◆ Task requirements: What lines of the data below include the word "assumes"? Report them by copying each.

◆ Provided entries:
(* Let $R$ be the final object of $\mathrm{Coalg}(\mathbf{Sgp},\mathbf{Sgp})$, with underlying semigroup $\langle x_{00},x_{11},p_i,q_i\ (i\in\omega)\mid x_{00}^2=x_{00},\ x_{11}^2=x_{11},\ x_{00}p_i=p_i=p_ix_{11},\ x_{11}q_i=q_i=q_ix_{00}\rangle$. Let $S$ be an object of $\mathrm{Coalg}(\mathbf{Sgp},\mathbf{Sgp})$ such that the unique morphism $S\to R$ sends every element of $|S|$ to $x_{00}$. Then $S$ is isomorphic to a cosemigroup obtained from a semigroup $B$ and an idempotent endomorphism $\varepsilon:B\to B$ by taking $|S|=B$ and $\beta^S(b)=\varepsilon(b)^{(0)}$ for $b\in B$ (i.e. $\beta^S=q_0\circ\varepsilon$ with $q_0:B\to B\amalg B$ the first coprojection). The corresponding representable functor sends a semigroup $A$ to the set of homomorphisms $h:B\to A$ with multiplication $h\cdot h'=h\circ\varepsilon$.
   Context: $\mathbf{Sgp}$ is the variety of semigroups. A cosemigroup in $\mathbf{Sgp}$ is a semigroup $|S|$ with a homomorphism $\beta^S:|S|\to|S|\amalg|S|$ into the free product of two copies of itself such that, for every semigroup $A$, $\mathrm{Hom}(|S|,A)$ with multiplication $g\cdot h=(g\vee h)\circ\beta^S$ (where $g\vee h$ restricts to $g,h$ on the two copies) is a semigroup. For $u\in|S|$, $u^{(0)}$ and $u^{(1)}$ denote its images under the two coprojections $|S|\to|S|\amalg|S|$. $\mathrm{Coalg}(\mathbf{Sgp},\mathbf{Sgp})$ is the category of cosemigroups with morphisms the homomorphisms $f$ with $(f\amalg f)\circ\beta^S=\beta^{S'}\circ f$; it has a final object $R$ with underlying semigroup as displayed (its co-operation being $\beta^R(x_{00})=x_{00}^{(0)}$, $\beta^R(x_{11})=x_{11}^{(1)}$, $\beta^R(p_i)=p_i^{(0)}(x_{00}^{(1)}x_{11}^{(0)})^ip_i^{(1)}$, $\beta^R(q_i)=q_i^{(1)}(x_{11}^{(0)}x_{00}^{(1)})^iq_i^{(0)}$). *)

theory Defs
  imports "HOL-Algebra.Group"
begin
text \<open>Every admissible permutation of \<open>C\<close> is admissible on \<open>C \<union> {a, b}\<close>, and so is its
  composition with the transposition of the edge \<open>{a, b}\<close>, which costs two more moved points.\<close>

lemma Z_insert_edge:
  assumes fin: "finite C" and "a \<notin> C" "b \<notin> C" "a \<noteq> b" "E a b" "E b a"
  shows "(1 + exp (-2*\<alpha>)) * Z E \<alpha> C \<le> Z E \<alpha> (insert a (insert b C))"
proof -
  let ?D = "insert a (insert b C)"
  let ?w = "\<lambda>\<pi>. exp (- \<alpha> * real (card {x\<in>?D. \<pi> x \<noteq> x}))"
  let ?t = "\<lambda>\<pi>. Transposition.transpose a b \<circ> \<pi>"
  let ?S = "adm_perms E C"
  have "C \<subseteq> ?D" by auto
  have in_D: "?S \<union> ?t ` ?S \<subseteq> adm_perms E ?D"
    using adm_perms_mono[OF \<open>C \<subseteq> ?D\<close>] transpose_comp_in_adm_perms[OF _ assms(2,3,5,6)] by blast
  have disj: "?S \<inter> ?t ` ?S = {}"
    using \<open>a \<notin> C\<close> \<open>a \<noteq> b\<close> by (auto simp: adm_perms_def Transposition.transpose_def)
  have inj: "inj_on ?t ?S"
    by (rule inj_onI) (metis comp_apply transpose_involutory ext)
  have w: "(?w \<circ> ?t) \<pi> = exp (-2*\<alpha>) * exp (- \<alpha> * real (card {x\<in>C. \<pi> x \<noteq> x}))" if "\<pi> \<in> ?S" for \<pi>
  proof -
    have "\<pi> permutes C" using that by (simp add: adm_perms_iff)
    then have "card {x\<in>?D. ?t \<pi> x \<noteq> x} = card {x\<in>C. \<pi> x \<noteq> x} + 2"
      using assms by (subst moved_points_transpose_comp) simp_all
    then show ?thesis by (simp add: algebra_simps flip: exp_add)
  qed
  have "sum (?w \<circ> ?t) ?S = exp (-2*\<alpha>) * Z E \<alpha> C"
    unfolding Z_def sum_distrib_left by (rule sum.cong[OF refl]) (rule w)
  then have "(1 + exp (-2*\<alpha>)) * Z E \<alpha> C = sum ?w ?S + sum (?w \<circ> ?t) ?S"
    by (simp add: Z_eq_sum_over_superset[OF \<open>C \<subseteq> ?D\<close>] distrib_right)
  also have "\<dots> = sum ?w (?S \<union> ?t ` ?S)"
    using fin disj by (simp add: sum.union_disjoint finite_adm_perms sum.reindex[OF inj])
  also have "\<dots> \<le> Z E \<alpha> ?D"
    unfolding Z_def using in_D fin by (intro sum_mono2 finite_adm_perms) auto
  finally show ?thesis .
qed

lemma Z_union_path:
  assumes fin: "finite B" and sg: "simple_graph E"
    and "distinct ys" "set ys \<inter> B = {}" "\<forall>i. Suc i < length ys \<longrightarrow> E (ys!i) (ys!Suc i)"
  shows "(1 + exp (-2*\<alpha>)) ^ (length ys div 2) * Z E \<alpha> B \<le> Z E \<alpha> (B \<union> set ys)"
  using assms(3-5)
proof (induction ys rule: induct_list012)
  case 1 then show ?case by simp
next
  case (2 x) then show ?case using Z_mono[of "B \<union> {x}" B E \<alpha>] fin by auto
next
  case (3 x y zs)
  have "\<forall>i. Suc i < length zs \<longrightarrow> E (zs!i) (zs!Suc i)"
    using "3.prems"(3) by (metis Suc_less_eq length_Cons nth_Cons_Suc)
  then have IH: "(1 + exp (-2*\<alpha>)) ^ (length zs div 2) * Z E \<alpha> B \<le> Z E \<alpha> (B \<union> set zs)"
    using "3.IH" "3.prems" by auto
  have "E x y" using "3.prems"(3) by force
  then have "E y x" using sg by (simp add: simple_graph_def)
  have "(1 + exp (-2*\<alpha>)) ^ (length (x#y#zs) div 2) * Z E \<alpha> B
      = (1 + exp (-2*\<alpha>)) * ((1 + exp (-2*\<alpha>)) ^ (length zs div 2) * Z E \<alpha> B)" by simp
  also have "\<dots> \<le> (1 + exp (-2*\<alpha>)) * Z E \<alpha> (B \<union> set zs)"
    by (rule mult_left_mono[OF IH]) simp
  also have "\<dots> \<le> Z E \<alpha> (insert x (insert y (B \<union> set zs)))"
    using "3.prems" fin \<open>E x y\<close> \<open>E y x\<close> by (intro Z_insert_edge) auto
  finally show ?case by simp
qed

◆ Result:
  assumes fin: "finite C" and "a \<notin> C" "b \<notin> C" "a \<noteq> b" "E a b" "E b a"
  assumes fin: "finite B" and sg: "simple_graph E"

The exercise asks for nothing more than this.